No she didn't wanna be in pictures...just wanted her girls.....I'm wondering too....


----------



## ARS.photography.MS (Apr 15, 2013)

Designer said:


> Did she pay you?



Yes she did pay me.....


----------



## kathyt (Apr 15, 2013)

I would have asked her. I am pretty blunt like that. I have a pretty strict contract as well. If someone hires me they are hiring me for a reason, but that is strange.


----------



## ARS.photography.MS (Apr 15, 2013)

kathythorson said:


> I would have asked her. I am pretty blunt like that.



Yea...  I'm definitely not a blunt person like that.....it just really got under my skin and I was thinking Wth? Really? Why am I here?


----------



## imagemaker46 (Apr 15, 2013)

If you're intimidated by a mother and her expensive camera, then you have no business being in the business of taking pictures.  That's how you deal with this.


----------



## tirediron (Apr 15, 2013)

Expensive gear doth not a professional make.  LOTS of people with more money than skill have top-end gear; doesn't mean they know beans about it though.


----------



## runnah (Apr 15, 2013)

Next time smash her camera and make her children cry.


----------



## Designer (Apr 15, 2013)

ARS.photography.MS said:


> Designer said:
> 
> 
> > Did she pay you?
> ...



Then job well done.  Why sweat it?


----------



## pixmedic (Apr 15, 2013)

ARS.photography.MS said:


> Saturday I had a session with two beautiful little girls....bear in mind I'm new and not proclaiming to be a professional....BUT have had extremely happy and satisfied clients so far.
> The mother of these little girls contacted me and said "I want pics of the girls!!!! Let me know when!!!" So we finally got a session booked.
> We meet at the local park for outdoor session. The girls run up to me excited and happy and ready...so I'm waiting for mom and she walks up with her own camera, her $5000 professional camera and lens she used when she worked as a photographer at a studio.....omg I was so got off with. I didn't know what to think. For half an hour she follwed us around taking Pics behind me! Soon she went and sat down. By then I was so "nervous" I was shaking!
> 
> Anyone have any advice? How would u handle a situation like this?
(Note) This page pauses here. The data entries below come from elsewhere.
lemma dual_abs_scaleR: "dual_abs f (r *\<^sub>R x) = r * dual_abs f x"
proof -
  have nonneg: "dual_abs f (c *\<^sub>R x) = c * dual_abs f x" if "0 \<le> c" for c
  proof -
    have "dual_abs f (c *\<^sub>R x) = dual_abs f (c *\<^sub>R pprt x - c *\<^sub>R pprt (- x))"
      by (metis pprt_minus_pprt_uminus scaleR_diff_right)
    then show ?thesis
      using that
      by (simp add: dual_abs_diff dual_abs_eq[of x] dual_abs_pos_scaleR right_diff_distrib
          scaleR_nonneg_nonneg)
  qed
  show ?thesis
  proof (cases "0 \<le> r")
    case False
    then have "dual_abs f (- ((- r) *\<^sub>R x)) = r * dual_abs f x"
      by (simp only: dual_abs_minus nonneg)
    then show ?thesis by simp
  qed (rule nonneg)
qed

lemma bounded_linear_dual_abs: "bounded_linear (dual_abs f)"
proof -
  obtain K where K: "K \<ge> 0" "\<And>u. 0 \<le> u \<Longrightarrow> dual_abs_pos f u \<le> K * norm u"
    using dual_abs_pos_le_norm by blast
  have "\<bar>dual_abs f x\<bar> \<le> norm x * (2 * K)" for x
  proof -
    have norm_pprt: "norm (pprt z) \<le> norm z" for z :: 'a
      by (rule norm_le_if_labs_le) (simp add: labs_of_nonneg pprt_le_labs)
    have "\<bar>dual_abs f x\<bar> \<le> dual_abs_pos f (pprt x) + dual_abs_pos f (pprt (- x))"
      using dual_abs_pos_nonneg[of "pprt x"] dual_abs_pos_nonneg[of "pprt (- x)"]
      by (simp add: dual_abs_eq)
    also have "\<dots> \<le> K * norm (pprt x) + K * norm (pprt (- x))"
      using K(2)[of "pprt x"] K(2)[of "pprt (- x)"] by simp
    also have "\<dots> \<le> K * norm x + K * norm x"
      using mult_left_mono[OF norm_pprt[of x] K(1)] mult_left_mono[OF norm_pprt[of "- x"] K(1)]
      by simp
    finally show ?thesis by (simp add: algebra_simps)
  qed
  then show ?thesis
    by (intro bounded_linear_intro[where K="2 * K"]) (auto simp: dual_abs_add dual_abs_scaleR)
qed

lemma abs_le_dual_abs_labs: "labs x \<le> labs y \<Longrightarrow> \<bar>f x\<bar> \<le> dual_abs f (labs y)"
  using abs_le_dual_abs_pos[OF labs_nonneg order_refl, of x]
    dual_abs_pos_mono[OF labs_nonneg, of x "labs y"]
  by (simp add: dual_abs_of_nonneg labs_nonneg)

lemma dual_abs_dual_abs: "dual_abs (dual_abs f) = dual_abs f"
proof -
  interpret abs_f: lattice_functional "dual_abs f"
    using bounded_linear_dual_abs by (simp add: lattice_functional_def)
  have "dual_abs_pos (dual_abs f) u = dual_abs_pos f u" if u: "0 \<le> u" for u
  proof (rule antisym)
    show "dual_abs_pos (dual_abs f) u \<le> dual_abs_pos f u"
    proof (rule abs_f.dual_abs_pos_least[OF u])
      fix y assume y: "labs y \<le> u"
      have "dual_abs_pos f (pprt z) \<le> dual_abs_pos f u" if "labs z \<le> u" for z
        using dual_abs_pos_mono[OF zero_le_pprt order_trans[OF pprt_le_labs that]] .
      from this[of y] this[of "- y"] y show "\<bar>dual_abs f y\<bar> \<le> dual_abs_pos f u"
        using dual_abs_pos_nonneg[OF zero_le_pprt, of y]
          dual_abs_pos_nonneg[OF zero_le_pprt, of "- y"]
        by (simp add: dual_abs_eq abs_le_iff)
    qed
    show "dual_abs_pos f u \<le> dual_abs_pos (dual_abs f) u"
      using abs_f.abs_le_dual_abs_pos[OF u, of u] u
      by (simp add: labs_of_nonneg dual_abs_of_nonneg)
  qed
  then show ?thesis by (simp add: fun_eq_iff dual_abs_def)
qed

end
(* Fix $m \in \mathbb{N}$, an integer $k \geq 3$ and $q > q_{k-1}$. Then for every $0 \le i \le m$, $\tau(P_i(q)) \geq \tau(\pi_q(S_{k-1}))$, and $\tau(Q_m(q)) \geq \tau(\pi_q(S_{k-1}))$.
   Context: $q_j$ ($j\ge2$) is the unique root in $(1,2)$ of $x^j - x^{j-1} - \cdots - x - 1 = 0$. For $q \in (1,2)$, $\pi_q((\epsilon_j)_{j\ge1}) = \sum_{j\ge1}\epsilon_j q^{-j}$. Words are written by concatenation, $a^n$ is $n$ repetitions of $a$ and $w^\infty$ the infinite repetition of $w$. A sequence avoids a word $w$ if $w$ does not occur as a block of consecutive entries. $S_{k-1}$ is the set of $(\epsilon_j) \in \{0,1\}^\mathbb{N}$ avoiding $01^{k-1}$ and $10^{k-1}$. $g_{q,k}(x) = q^{-k}x + \sum_{j=1}^{k-1}q^{-j}$ (equal to $f_1^{-(k-1)}\circ f_0^{-1}$ with $f_0(x) = qx$, $f_1(x) = qx-1$), $g_{q,k}^i$ its $i$-fold composition. Define $P_i(q) = g_{q,k}^i(\pi_q(S_{k-1})+1) \cap \big[g_{q,k}^i(1),\ g_{q,k}^i\big(1 + q^{-(m-i)k}\pi_q(0^{k-3}(01^{k-1})^\infty)\big)\big]$ for $0\le i\le m$, and $Q_m(q) = g_{q,k}^m(\pi_q(S_{k-1})) \cap \big[g_{q,k}^m(\pi_q(1^{k-3}(10^{k-1})^\infty)),\ g_{q,k}^m(\pi_q(1^\infty))\big]$. Thickness: for a compact $C \subset \mathbb{R}$, remove from $\mathrm{conv}(C)$ the bounded gaps (maximal open intervals of $\mathrm{conv}(C)\setminus C$) $G_1, G_2, \dots$ in order of non-increasing length; when $G_n$ is removed it splits a closed interval into a left bridge $B_n^L$ and right bridge $B_n^R$. Then $\tau(C) = \inf_n \min(|B_n^L|/|G_n|, |B_n^R|/|G_n|)$ (independent of tie-breaking; $|\cdot|$ is length). *)

theory Defs
  imports "HOL-Analysis.Analysis"
begin

definition multinacci :: "nat \<Rightarrow> real" where
  "multinacci j = (THE x. 1 < x \<and> x < 2 \<and> x ^ j = (\<Sum>i<j. x ^ i))"

text \<open>0-1 sequences are functions nat => nat; index n here corresponds to index n+1 in the paper.\<close>
definition pi_q :: "real \<Rightarrow> (nat \<Rightarrow> nat) \<Rightarrow> real" where
  "pi_q q eps = (\<Sum>j. real (eps j) / q ^ (Suc j))"

definition eventually_periodic :: "nat list \<Rightarrow> nat list \<Rightarrow> nat \<Rightarrow> nat" where
  "eventually_periodic u w n =
     (if n < length u then u ! n else w ! ((n - length u) mod length w))"

definition occurs_in :: "nat list \<Rightarrow> (nat \<Rightarrow> nat) \<Rightarrow> bool" where
  "occurs_in w eps \<longleftrightarrow> (\<exists>n. \<forall>i<length w. eps (n + i) = w ! i)"

definition avoids :: "(nat \<Rightarrow> nat) \<Rightarrow> nat list \<Rightarrow> bool" where
  "avoids eps w \<longleftrightarrow> \<not> occurs_in w eps"

definition S_set :: "nat \<Rightarrow> (nat \<Rightarrow> nat) set" where
  "S_set j = {eps. (\<forall>n. eps n \<in> {0, 1}) \<and>
                   avoids eps (0 # replicate j 1) \<and> avoids eps (1 # replicate j 0)}"

definition g_qk :: "real \<Rightarrow> nat \<Rightarrow> real \<Rightarrow> real" where
  "g_qk q k x = x / q ^ k + (\<Sum>j\<in>{1..k-1}. 1 / q ^ j)"

definition P_set :: "real \<Rightarrow> nat \<Rightarrow> nat \<Rightarrow> nat \<Rightarrow> real set" where
  "P_set q k m i =
     (g_qk q k ^^ i) ` ((\<lambda>x. x + 1) ` (pi_q q ` S_set (k - 1))) \<inter>
     {(g_qk q k ^^ i) 1 ..
      (g_qk q k ^^ i) (1 + pi_q q (eventually_periodic (replicate (k - 3) 0)
                                      (0 # replicate (k - 1) 1)) / q ^ ((m - i) * k))}"

definition Q_set :: "real \<Rightarrow> nat \<Rightarrow> nat \<Rightarrow> real set" where
  "Q_set q k m =
     (g_qk q k ^^ m) ` (pi_q q ` S_set (k - 1)) \<inter>
     {(g_qk q k ^^ m) (pi_q q (eventually_periodic (replicate (k - 3) 1)
                                  (1 # replicate (k - 1) 0))) ..
      (g_qk q k ^^ m) (pi_q q (eventually_periodic [] [1]))}"

text \<open>Thickness. Bounded gaps of C: maximal open intervals (a,b) of conv(C) - C,
  i.e. pairs a<b of points of C with no point of C strictly between.\<close>
definition gaps :: "real set \<Rightarrow> (real \<times> real) set" where
  "gaps C = {(a, b). a \<in> C \<and> b \<in> C \<and> a < b \<and> {a<..<b} \<inter> C = {}}"

definition glen :: "real \<times> real \<Rightarrow> real" where
  "glen G = snd G - fst G"

definition gap_enum :: "real set \<Rightarrow> (nat \<Rightarrow> real \<times> real) \<Rightarrow> nat set \<Rightarrow> bool" where
  "gap_enum C e I \<longleftrightarrow> (I = UNIV \<or> (\<exists>N. I = {..<N})) \<and> bij_betw e I (gaps C) \<and>
     (\<forall>i\<in>I. \<forall>j\<in>I. i \<le> j \<longrightarrow> glen (e j) \<le> glen (e i))"

text \<open>When G_n is removed, the closed interval containing it is bounded by the nearest
  endpoints of previously removed gaps (or by min C / max C).\<close>
definition left_bridge_len :: "real set \<Rightarrow> (nat \<Rightarrow> real \<times> real) \<Rightarrow> nat \<Rightarrow> real" where
  "left_bridge_len C e n =
     fst (e n) - Max ({Inf C} \<union> {snd (e j) | j. j < n \<and> snd (e j) \<le> fst (e n)})"

definition right_bridge_len :: "real set \<Rightarrow> (nat \<Rightarrow> real \<times> real) \<Rightarrow> nat \<Rightarrow> real" where
  "right_bridge_len C e n =
     Min ({Sup C} \<union> {fst (e j) | j. j < n \<and> snd (e n) \<le> fst (e j)}) - snd (e n)"

text \<open>Thickness (value +\<infinity> when there are no bounded gaps). The value is independent of
  the chosen enumeration; we pick one by choice.\<close>
definition thickness :: "real set \<Rightarrow> ereal" where
  "thickness C = (SOME t. \<exists>e I. gap_enum C e I \<and>
      t = (INF n\<in>I. ereal (min (left_bridge_len C e n) (right_bridge_len C e n) / glen (e n))))"

end

theory Submission
  imports Defs
begin
(* Let $k$ be a perfect field of characteristic $p>0$. Let $V$ be a $k[\mathbb Z/p\mathbb Z]$-module and $W\subset V$ a $k[\mathbb Z/p\mathbb Z]$-submodule such that $V/W$ is a free $k[\mathbb Z/p\mathbb Z]$-module. Then for every integer $n\ge2$, the quotient $V^{\otimes n}/W^{\otimes n}$ is a free $k[\mathbb Z/p\mathbb Z]$-module.
   Context: Tensor products are over $k$, and $\mathbb Z/p\mathbb Z$ acts on $V^{\otimes n}$ and $W^{\otimes n}\subset V^{\otimes n}$ diagonally. *)

theory Defs
  imports Complex_Main "HOL-Library.Function_Algebras"
begin

text \<open>A k[Z/pZ]-module is a k-vector space (scalar multiplication s) together with
  the linear action of the generator 1 of Z/pZ, a map tau with tau^p = id.  This is the
  definition of a k[Z/pZ]-basis of X/U written out over k, since
  k[Z/pZ] has k-basis 1, tau, ..., tau^(p-1).\<close>

definition free_quot ::
  "('k::field \<Rightarrow> 'b::ab_group_add \<Rightarrow> 'b) \<Rightarrow> nat \<Rightarrow> ('b \<Rightarrow> 'b) \<Rightarrow> 'b set \<Rightarrow> 'b set \<Rightarrow> bool" where
  "free_quot s p tau X U \<longleftrightarrow>
     (\<exists>B \<subseteq> X.
        (\<forall>S c. finite S \<longrightarrow> S \<subseteq> B \<times> {..<p} \<longrightarrow>
               (\<Sum>(b,i)\<in>S. s (c (b,i)) ((tau ^^ i) b)) \<in> U \<longrightarrow> (\<forall>x\<in>S. c x = 0))
      \<and> X \<subseteq> module.span s (U \<union> {(tau ^^ i) b | b i. b \<in> B \<and> i < p}))"

text \<open>V^{\<otimes>n} is realised as the free k-vector space on V^n (finitely supported
  functions on lists of length n) modulo the multilinearity relations.\<close>

definition fscale :: "'k::field \<Rightarrow> ('v list \<Rightarrow> 'k) \<Rightarrow> ('v list \<Rightarrow> 'k)" where
  "fscale c f = (\<lambda>xs. c * f xs)"

definition tdelta :: "'v list \<Rightarrow> ('v list \<Rightarrow> 'k::field)" where
  "tdelta xs = (\<lambda>ys. if ys = xs then 1 else 0)"
lemma mapJ_eq_lincomb:
  assumes "\<alpha> \<in> {1..4*p}"
  shows "mapJ \<alpha> = (\<lambda>A. \<Sum>\<beta>\<in>{1..4*p}. mapJ \<alpha> {\<beta>} * gen \<beta> A)"
proof -
  obtain s \<gamma> where \<gamma>: "\<gamma> \<in> {1..4*p}" and J: "mapJ \<alpha> = (\<lambda>A. s * gen \<gamma> A)"
    using mapJ_eq_signed_gen[OF assms] .
  have "(\<Sum>\<beta>\<in>{1..4*p}. (s * gen \<gamma> {\<beta>}) * gen \<beta> A)
      = (\<Sum>\<beta>\<in>{1..4*p}. if \<beta> = \<gamma> then s * gen \<beta> A else 0)" for A
    by (intro sum.cong refl) (auto simp: gen_def)
  then have "(\<Sum>\<beta>\<in>{1..4*p}. (s * gen \<gamma> {\<beta>}) * gen \<beta> A) = s * gen \<gamma> A" for A
    using \<gamma> by (simp add: sum.delta)
  then show ?thesis unfolding J by simp
qed

lemma mapK_eq_lincomb: "mapK n \<alpha> = (\<lambda>A. \<Sum>\<beta>\<in>{1..n}. mapJ \<alpha> {\<beta>} * mapI \<beta> A)"
  by (simp add: mapK_def lin_ext_def)

text \<open>Derivatives along the coordinates rotated by J: the coefficient of \<open>e\<^sub>\<beta>\<close> in
  \<open>J(e\<^sub>\<alpha>)\<close> is \<open>mapJ \<alpha> {\<beta>}\<close>, so \<open>\<partial>\<^sub>J = \<Sum>\<^sub>\<beta> e\<^sub>\<beta> pder_J \<beta>\<close> and
  \<open>\<partial>\<^sub>K = \<Sum>\<^sub>\<beta> I(e\<^sub>\<beta>) pder_J \<beta>\<close>.\<close>
definition pder_J :: "nat \<Rightarrow> (nat \<Rightarrow> 'n::finite) \<Rightarrow> (real^'n \<Rightarrow> cl) \<Rightarrow> real^'n \<Rightarrow> nat \<Rightarrow> cl" where
  "pder_J n idx G x \<beta> = (\<lambda>B. \<Sum>\<alpha>\<in>{1..n}. mapJ \<alpha> {\<beta>} * pder idx G \<alpha> x B)"

lemma mapJ_dirac_eq_gen_dirac:
  "dirac (4*p) idx mapJ G x = (\<lambda>C. \<Sum>\<beta>\<in>{1..4*p}. cl_mult (4*p) (gen \<beta>) (pder_J (4*p) idx G x \<beta>) C)"
proof -
  have "dirac (4*p) idx mapJ G x = (\<lambda>C. \<Sum>\<alpha>\<in>{1..4*p}.
      cl_mult (4*p) (\<lambda>A. \<Sum>\<beta>\<in>{1..4*p}. mapJ \<alpha> {\<beta>} * gen \<beta> A) (pder idx G \<alpha> x) C)"
    unfolding dirac_def
    by (intro ext sum.cong refl arg_cong[where f = "\<lambda>M. cl_mult (4*p) M _ _"] mapJ_eq_lincomb)
  then show ?thesis unfolding pder_J_def sum_cl_mult_lincomb_swap .
qed

lemma mapK_dirac_eq_mapI_dirac:
  "dirac n idx (mapK n) G x = (\<lambda>C. \<Sum>\<beta>\<in>{1..n}. cl_mult n (mapI \<beta>) (pder_J n idx G x \<beta>) C)"
  unfolding dirac_def mapK_eq_lincomb pder_J_def by (rule sum_cl_mult_lincomb_swap)

section \<open>Derivatives of Clifford-valued functions\<close>

definition cl_differentiable_at :: "(real^'n \<Rightarrow> cl) \<Rightarrow> real^'n \<Rightarrow> bool" where
  "cl_differentiable_at G x \<longleftrightarrow> (\<forall>A. (\<lambda>y. G y A) differentiable (at x))"

lemma cl_differentiable_at_has_derivative:
  "cl_differentiable_at G x \<Longrightarrow>
    ((\<lambda>y. G y A) has_derivative frechet_derivative (\<lambda>y. G y A) (at x)) (at x)"
  unfolding cl_differentiable_at_def using frechet_derivative_works by blast

lemma pder_cl_mult_left:
  assumes "cl_differentiable_at G x"
  shows "cl_differentiable_at (\<lambda>y. cl_mult n a (G y)) x"
    "pder idx (\<lambda>y. cl_mult n a (G y)) \<alpha> x = cl_mult n a (pder idx G \<alpha> x)"
proof -
  let ?k = "\<lambda>C A B. if (A - B) \<union> (B - A) = C then blade_sign A B * a A else 0"
  have expand: "cl_mult n a v C = (\<Sum>A\<in>blades n. \<Sum>B\<in>blades n. ?k C A B * v B)" for v C
    unfolding cl_mult_def by (intro sum.cong refl) auto
  have deriv: "((\<lambda>y. cl_mult n a (G y) C) has_derivative
      (\<lambda>h. \<Sum>A\<in>blades n. \<Sum>B\<in>blades n. ?k C A B * frechet_derivative (\<lambda>y. G y B) (at x) h)) (at x)" for C
    unfolding expand using assms
    by (intro has_derivative_sum has_derivative_mult_right cl_differentiable_at_has_derivative)
  then show "cl_differentiable_at (\<lambda>y. cl_mult n a (G y)) x"
    unfolding cl_differentiable_at_def by (auto simp: differentiable_def)
  show "pder idx (\<lambda>y. cl_mult n a (G y)) \<alpha> x = cl_mult n a (pder idx G \<alpha> x)"
  proof
    fix C
    have "frechet_derivative (\<lambda>y. cl_mult n a (G y) C) (at x) =
        (\<lambda>h. \<Sum>A\<in>blades n. \<Sum>B\<in>blades n. ?k C A B * frechet_derivative (\<lambda>y. G y B) (at x) h)"
      by (rule frechet_derivative_at[OF deriv, symmetric])
    then show "pder idx (\<lambda>y. cl_mult n a (G y)) \<alpha> x C = cl_mult n a (pder idx G \<alpha> x) C"
      unfolding pder_def by (simp only: expand)
  qed
qed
not to nitpick...but if you are taking paid clients, you are putting yourself out there as a professional. 
As a professional that is getting paid to do a job, you need to be prepared to handle all sorts of situations like this. 
what did your contract say about other photographers taking photos during a shoot? Ours say no other photography during these kinds of shoots. weddings are a little different. but we have a contract for EVERY shoot, even if we are doing one for free for a friend. you have to be willing to bring up the tough questions when these things happen because there's nothing you can do now, after the fact. what would you have done if she had taken a bunch of pictures, and then decided not to pay you?

it is great that all of you clients thus far have been happy with your work, but there is a lot more to a photography business than just taking pictures. 
the two most important things in your photography business are "communication" and "contracts"
have a contract for EVERY shoot. silly as it may sound, do it.  everything should be in writing. i realize most people don't really stick to that one all the time, but we do. call me paranoid. talk to the client. before the shoot, while they are signing the contract, after the shoot. make SURE they are aware of their contractual obligations, as well as what is expected of them if they are going to be present at the shoot, and what to expect as the results of the shoot. 

if you dont have it in writing, you have pretty much zero recourse.  we would have explained to her from the very beginning that other cameras were not allowed, and if that was an issue, we would not have done the job. It sucks turning down work, and i definitely hate doing it, but if you start letting clients do whatever they want at your shoots with you just letting it go, whats to stop clients from starting to dictate your price and packages?

I guess my point is...work out exactly what is expected from you and the client before hand, put it in the contract, explain it all to the client, and make sure they understand it all before they sign. that way, they cant feign ignorance when they start doing stuff you don't want them to on your shoot. 
this is only good of course, if you are willing to stand up and enforce the terms of your contract.


----------



## ARS.photography.MS (Apr 15, 2013)

runnah said:


> Next time smash her camera and make her children cry.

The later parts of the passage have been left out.